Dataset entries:
-*-*-

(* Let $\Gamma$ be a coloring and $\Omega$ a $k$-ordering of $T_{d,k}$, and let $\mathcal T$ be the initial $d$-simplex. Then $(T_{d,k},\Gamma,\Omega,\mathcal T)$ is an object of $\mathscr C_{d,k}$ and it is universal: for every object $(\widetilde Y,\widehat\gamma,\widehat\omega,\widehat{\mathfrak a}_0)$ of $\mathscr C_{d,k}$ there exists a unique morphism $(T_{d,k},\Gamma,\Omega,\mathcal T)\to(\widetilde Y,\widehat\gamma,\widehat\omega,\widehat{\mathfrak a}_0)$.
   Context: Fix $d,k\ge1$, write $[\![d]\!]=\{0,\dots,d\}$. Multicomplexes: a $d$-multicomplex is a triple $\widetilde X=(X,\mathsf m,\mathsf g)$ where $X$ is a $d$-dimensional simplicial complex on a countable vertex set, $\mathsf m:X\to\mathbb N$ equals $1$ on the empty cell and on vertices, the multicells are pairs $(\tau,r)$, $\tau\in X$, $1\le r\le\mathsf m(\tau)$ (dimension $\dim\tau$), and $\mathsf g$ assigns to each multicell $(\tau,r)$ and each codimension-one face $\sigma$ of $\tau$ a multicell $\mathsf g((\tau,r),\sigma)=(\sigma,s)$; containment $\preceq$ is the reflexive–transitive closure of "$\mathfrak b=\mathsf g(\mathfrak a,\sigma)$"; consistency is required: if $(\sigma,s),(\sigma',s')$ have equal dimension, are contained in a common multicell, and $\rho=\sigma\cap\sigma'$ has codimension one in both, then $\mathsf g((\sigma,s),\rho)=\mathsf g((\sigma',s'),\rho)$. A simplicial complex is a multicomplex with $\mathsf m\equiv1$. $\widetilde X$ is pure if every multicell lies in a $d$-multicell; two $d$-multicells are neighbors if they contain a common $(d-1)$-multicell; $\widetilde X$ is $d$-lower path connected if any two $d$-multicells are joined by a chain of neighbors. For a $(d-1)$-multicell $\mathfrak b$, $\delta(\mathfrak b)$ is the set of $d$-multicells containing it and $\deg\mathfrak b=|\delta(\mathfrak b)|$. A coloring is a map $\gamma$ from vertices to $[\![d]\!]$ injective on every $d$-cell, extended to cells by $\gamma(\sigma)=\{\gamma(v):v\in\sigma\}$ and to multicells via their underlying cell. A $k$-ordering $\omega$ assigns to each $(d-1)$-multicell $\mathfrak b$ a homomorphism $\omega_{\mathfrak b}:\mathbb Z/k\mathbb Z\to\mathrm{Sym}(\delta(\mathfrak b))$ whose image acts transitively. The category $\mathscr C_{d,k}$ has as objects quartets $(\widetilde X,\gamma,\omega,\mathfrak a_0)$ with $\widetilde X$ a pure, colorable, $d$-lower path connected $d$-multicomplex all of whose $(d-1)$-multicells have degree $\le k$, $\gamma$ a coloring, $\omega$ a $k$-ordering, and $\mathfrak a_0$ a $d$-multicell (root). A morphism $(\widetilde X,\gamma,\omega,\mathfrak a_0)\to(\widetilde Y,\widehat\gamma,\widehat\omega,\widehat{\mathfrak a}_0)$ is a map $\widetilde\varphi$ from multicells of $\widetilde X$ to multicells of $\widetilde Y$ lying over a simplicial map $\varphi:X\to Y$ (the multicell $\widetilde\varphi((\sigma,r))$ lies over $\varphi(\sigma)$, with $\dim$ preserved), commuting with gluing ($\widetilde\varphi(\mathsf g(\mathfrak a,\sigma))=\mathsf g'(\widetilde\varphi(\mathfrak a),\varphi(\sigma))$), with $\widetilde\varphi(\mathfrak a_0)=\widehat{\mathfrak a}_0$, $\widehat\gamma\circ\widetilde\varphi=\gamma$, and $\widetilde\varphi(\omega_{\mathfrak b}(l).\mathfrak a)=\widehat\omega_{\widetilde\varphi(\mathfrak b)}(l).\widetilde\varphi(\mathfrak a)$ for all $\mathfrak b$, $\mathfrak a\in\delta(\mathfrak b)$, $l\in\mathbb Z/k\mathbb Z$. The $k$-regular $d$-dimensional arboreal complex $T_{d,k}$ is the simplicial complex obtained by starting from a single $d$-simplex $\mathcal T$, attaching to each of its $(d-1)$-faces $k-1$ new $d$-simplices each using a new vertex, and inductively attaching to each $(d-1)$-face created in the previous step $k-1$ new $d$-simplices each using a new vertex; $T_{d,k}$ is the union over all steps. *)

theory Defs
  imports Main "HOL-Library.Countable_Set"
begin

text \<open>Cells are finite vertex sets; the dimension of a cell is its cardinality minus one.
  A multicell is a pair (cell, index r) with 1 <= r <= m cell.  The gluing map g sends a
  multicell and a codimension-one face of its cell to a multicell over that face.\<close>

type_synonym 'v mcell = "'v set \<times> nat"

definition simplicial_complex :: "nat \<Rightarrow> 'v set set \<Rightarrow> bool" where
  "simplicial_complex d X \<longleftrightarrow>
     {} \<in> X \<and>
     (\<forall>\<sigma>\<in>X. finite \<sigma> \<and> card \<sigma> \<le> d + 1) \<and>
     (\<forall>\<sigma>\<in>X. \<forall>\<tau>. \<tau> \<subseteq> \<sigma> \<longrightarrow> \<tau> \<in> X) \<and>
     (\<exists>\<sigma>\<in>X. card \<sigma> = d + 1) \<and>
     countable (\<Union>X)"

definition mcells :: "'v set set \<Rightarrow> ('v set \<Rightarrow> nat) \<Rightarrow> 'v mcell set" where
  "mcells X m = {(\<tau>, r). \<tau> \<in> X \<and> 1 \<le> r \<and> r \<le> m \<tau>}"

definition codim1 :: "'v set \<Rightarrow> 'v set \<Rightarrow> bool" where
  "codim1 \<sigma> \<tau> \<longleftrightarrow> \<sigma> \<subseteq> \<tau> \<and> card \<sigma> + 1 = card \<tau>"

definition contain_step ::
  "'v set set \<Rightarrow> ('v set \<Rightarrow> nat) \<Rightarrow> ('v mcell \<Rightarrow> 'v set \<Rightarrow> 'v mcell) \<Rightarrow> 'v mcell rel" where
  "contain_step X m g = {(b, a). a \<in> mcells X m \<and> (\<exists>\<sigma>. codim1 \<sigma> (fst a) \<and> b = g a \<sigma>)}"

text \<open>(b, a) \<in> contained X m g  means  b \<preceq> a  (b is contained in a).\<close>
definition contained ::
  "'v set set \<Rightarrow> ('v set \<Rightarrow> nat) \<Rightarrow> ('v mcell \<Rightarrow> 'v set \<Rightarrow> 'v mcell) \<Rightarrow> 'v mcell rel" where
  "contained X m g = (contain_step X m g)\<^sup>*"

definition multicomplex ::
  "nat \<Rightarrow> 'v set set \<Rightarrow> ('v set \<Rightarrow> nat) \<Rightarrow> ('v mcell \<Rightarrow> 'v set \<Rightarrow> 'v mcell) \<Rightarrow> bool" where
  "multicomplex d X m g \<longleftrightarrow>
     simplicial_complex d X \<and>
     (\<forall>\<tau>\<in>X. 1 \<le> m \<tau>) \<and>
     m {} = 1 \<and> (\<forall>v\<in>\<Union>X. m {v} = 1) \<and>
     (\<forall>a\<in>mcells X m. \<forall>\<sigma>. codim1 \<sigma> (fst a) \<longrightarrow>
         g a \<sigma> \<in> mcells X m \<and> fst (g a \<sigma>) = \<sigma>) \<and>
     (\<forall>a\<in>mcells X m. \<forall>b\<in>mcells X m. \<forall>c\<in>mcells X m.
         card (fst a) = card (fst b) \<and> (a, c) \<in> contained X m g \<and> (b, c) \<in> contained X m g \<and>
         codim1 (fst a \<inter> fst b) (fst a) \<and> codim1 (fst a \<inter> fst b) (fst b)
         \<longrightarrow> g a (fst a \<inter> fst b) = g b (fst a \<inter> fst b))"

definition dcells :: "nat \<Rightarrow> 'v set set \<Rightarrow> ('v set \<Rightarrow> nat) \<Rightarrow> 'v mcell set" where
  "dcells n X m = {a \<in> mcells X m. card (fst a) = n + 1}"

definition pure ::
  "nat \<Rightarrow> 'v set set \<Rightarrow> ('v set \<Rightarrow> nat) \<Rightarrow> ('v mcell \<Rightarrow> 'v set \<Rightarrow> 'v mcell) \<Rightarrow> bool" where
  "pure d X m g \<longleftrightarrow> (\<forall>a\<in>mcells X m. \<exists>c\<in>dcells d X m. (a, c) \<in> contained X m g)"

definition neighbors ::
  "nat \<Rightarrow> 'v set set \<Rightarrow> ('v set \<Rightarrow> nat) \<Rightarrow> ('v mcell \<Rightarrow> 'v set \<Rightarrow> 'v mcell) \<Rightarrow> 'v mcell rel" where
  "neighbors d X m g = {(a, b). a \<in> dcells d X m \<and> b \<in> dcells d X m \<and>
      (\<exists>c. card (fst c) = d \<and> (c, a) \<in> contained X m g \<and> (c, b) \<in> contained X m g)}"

-*-*-

→ **Instructions to follow**
Your task is to find each line in the entries that contains the string "dcells" and copy it.

→ **Result of the task**
definition dcells :: "nat \<Rightarrow> 'v set set \<Rightarrow> ('v set \<Rightarrow> nat) \<Rightarrow> 'v mcell set" where
  "dcells n X m = {a \<in> mcells X m. card (fst a) = n + 1}"
  "pure d X m g \<longleftrightarrow> (\<forall>a\<in>mcells X m. \<exists>c\<in>dcells d X m. (a, c) \<in> contained X m g)"
  "neighbors d X m g = {(a, b). a \<in> dcells d X m \<and> b \<in> dcells d X m \<and>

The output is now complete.